Palladium to rally 24% as Russia May Limit Supply, Ikemizu Says  

January 14, 2011


(Bloomberg) -- Palladium, used in catalytic converters for cars, will rally 24 percent to a near record as rising car sales in China boost demand and supply from top exporter Russia may decline, said the head of commodity trading in Japan at Standard Bank Plc.

The metal may reach $1,000 an ounce this year for the first time since 2001, when the price surged to an all-time high of $1,125, Bruce Ikemizu, who has traded commodities for more than 24 years and correctly forecast in June that gold would surpass $1,300, said in an interview in Tokyo.

Precious metals have advanced as the European Union bailed out Greece and Ireland, prompting investors to seek a hedge against inflation and currency debasement. Gold rallied 30 percent, silver 83 percent, platinum 21 percent and palladium almost doubled as the Federal Reserve kept borrowing costs low and bought bonds to boost growth.

"Car sales expansion will boost palladium as the industry is the biggest consumer of the metal," Ikemizu said Jan. 12. "Supply may become unstable as stockpiles of the metal held by the Russian government may have almost depleted."

Palladium for immediate delivery gained as much as 0.8 percent to $817.25 an ounce, the highest level since March 2001, before trading at $810.30 at 2:59 p.m. in Tokyo yesterday.

The metal, which has quadrupled in the past two years, will extend a rally as a recovery in U.S. vehicle sales adds to continued expansion in emerging markets including China and India, boosting demand for the metal used in auto catalysts amid uncertainty about Russian shipments, Ikemizu said.

China's vehicle sales will grow by around 10 to 15 percent this year after jumping 32 percent to 18.06 million units in 2010, according to the China Association of Automobile Manufacturers.

Russian Supply

Russian supply increased 2.1 percent to 3.71 million ounces last year, representing 52 percent of global supply, according to a November report from Johnson Matthey Plc, a London-based refiner. Of Russia's total, 1.01 million ounces was from stockpiles, it estimated.

OAO GMK Norilsk Nickel, the world's biggest palladium producer, said last month it expects Russia's state repository Gokhran to sell "insignificant" amounts in 2011 before exiting from global markets in 2012. The company may also supply the metal to exchange-traded funds, it said.

"Russia is said to be completing palladium sales from the state reserves," Ikemizu said. "There are concerns about supply" as the nation's shipments may become as small as its production level, he said.

2001 Record

Palladium soared to a record in January 2001 as a disruption in Russian shipments spurred speculators in futures on the Tokyo Commodity Exchange to buy back the contracts. The bourse was the largest for palladium futures at the time. The most-active contract jumped to an all-time high of 3,710 yen a gram on Jan. 29, 2001. It rose 2 percent to 2,178 yen yesterday.
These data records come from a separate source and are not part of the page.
text \<open>x y u = y x u + [x, y] u, where [x, y] acts on u by the scalar \<psi>([x, y]), and y x u
  is handled by the induction hypothesis and the previous lemma.\<close>
lemma K_lift_rho_gens_Cons:
  assumes x: "x \<in> gens m n" and y: "y \<in> Vgens n" and u: "set u \<subseteq> Vgens n"
    and IH: "fsub (mono (x # u)) (lift (rho \<psi> n x (smono (mset u)))) \<in> K"
  shows "fsub (mono (x # y # u)) (lift (rho \<psi> n x (smono (mset (y # u))))) \<in> K"
proof -
  have xV: "x \<notin> Vgens n" and xg: "x \<in> gens m 0" and yg: "y \<in> gens m 0" and ug: "set u \<subseteq> gens m 0"
    using x gens_antimono[of m m 0 n x] gens_0_iff[of x m n] Vgens_subset_gens y u by auto
  define g where "g = rho \<psi> n x (smono (mset u))"
  define c where "c = lin \<psi> (brk x y)"
  define swap where
    "swap = lincomb ([(1, x # y # u), (-1, y # x # u)] @ map (\<lambda>(c, \<beta>). (- c, \<beta> # u)) (brk x y))"
  define brackets where
    "brackets = (\<lambda>w. \<Sum>(c, \<beta>)\<leftarrow>brk x y. c * lincomb [(1, \<beta> # u), (- \<psi> \<beta>, u)] w)"
  define shifted where "shifted = fmul (mono [y]) (fsub (mono (x # u)) (lift g))"
  define moved where "moved = fsub (fmul (mono [y]) (lift g)) (lift (rho \<psi> n y g))"
  define sorted where "sorted = lincomb [(1, u), (-1, word_of (mset u))]"
  have "swap \<in> K"
    unfolding swap_def using K_relation[of "[]" u x y] xg yg ug by simp
  moreover have "brackets \<in> K"
    unfolding brackets_def using brk_gens_scalar[OF yg x]
    by (intro K_sum_list K_scalar_gen_word ug) blast
  moreover have "shifted \<in> K"
    unfolding shifted_def g_def using K_fmul_mono[OF IH, of "[y]"] yg by simp
  moreover have "moved \<in> K"
    unfolding moved_def g_def using u by (intro K_lift_vmul y Vpoly_rho Vpoly_smono) simp
  moreover have "sorted \<in> K"
    unfolding sorted_def using u by (intro K_perm) auto
  moreover have "fsub (mono (x # y # u)) (lift (rho \<psi> n x (smono (mset (y # u))))) =
      (\<lambda>w. swap w + brackets w + shifted w + moved w + c * sorted w)"
  proof (rule ext)
    fix w
    have "rho \<psi> n x (smono (add_mset y (mset u))) = (\<lambda>N. rho \<psi> n y g N + c * smono (mset u) N)"
      using rho_commutator_Vgens[OF y xV, of \<psi> "smono (mset u)"] lin_brk_antisym[of \<psi> y x] y
      unfolding g_def c_def by (simp add: rho_def vmul_smono fun_eq_iff algebra_simps)
    then have commute: "lift (rho \<psi> n x (smono (add_mset y (mset u)))) w =
        lift (rho \<psi> n y g) w + c * mono (word_of (mset u)) w"
      by (simp add: lift_add lift_scale lift_smono)
    have brackets_eq: "brackets w = (\<Sum>(c, \<beta>)\<leftarrow>brk x y. c * mono (\<beta> # u) w) - c * mono u w"
      unfolding brackets_def by (simp add: lincomb_Cons sum_list_diff_lin c_def)
    have shifted_eq: "shifted w = mono (y # x # u) w - fmul (mono [y]) (lift g) w"
      unfolding shifted_def by (cases w) (simp_all add: fsub_def)
    show "fsub (mono (x # y # u)) (lift (rho \<psi> n x (smono (mset (y # u))))) w =
        swap w + brackets w + shifted w + moved w + c * sorted w"
      unfolding fsub_def mset.simps commute brackets_eq shifted_eq
      by (simp add: swap_def moved_def sorted_def fsub_def lincomb_append lincomb_Cons
          lincomb_map_neg algebra_simps)
  qed
  ultimately show ?thesis
    using K_add K_scale by simp
qed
Palladium supply exceeded demand by 45,000 ounces last year, the lowest amount since a shortage in 2000, according to the Johnson Matthey report. Sales from Russian state stockpiles were the third-biggest contributor to world supply after mine output from Russia and South Africa, it said.

Car-sales growth will also boost platinum to as high as $2,000 an ounce this year, Ikemizu said. It is unlikely to drop below $1,600 given the costs to produce the metal in South Africa, the world's biggest supplier, he said.

Platinum is mainly used for catalysts in diesel vehicles, which are popular in Europe.

"Palladium will benefit more from car-sales growth as it is more affordable than platinum," said Kazuhiko Saito, an analyst at Tokyo-based broker Fujitomi Co. "Platinum isn't used much as an auto catalyst in China, where demand for jewelry fabrication is strong."

Platinum for immediate delivery lost 0.4 percent to $1,794 an ounce at 2:59 p.m. in Tokyo yesterday after reaching a two- month high on Jan. 12. It climbed to a record $2,301.5 in 2008.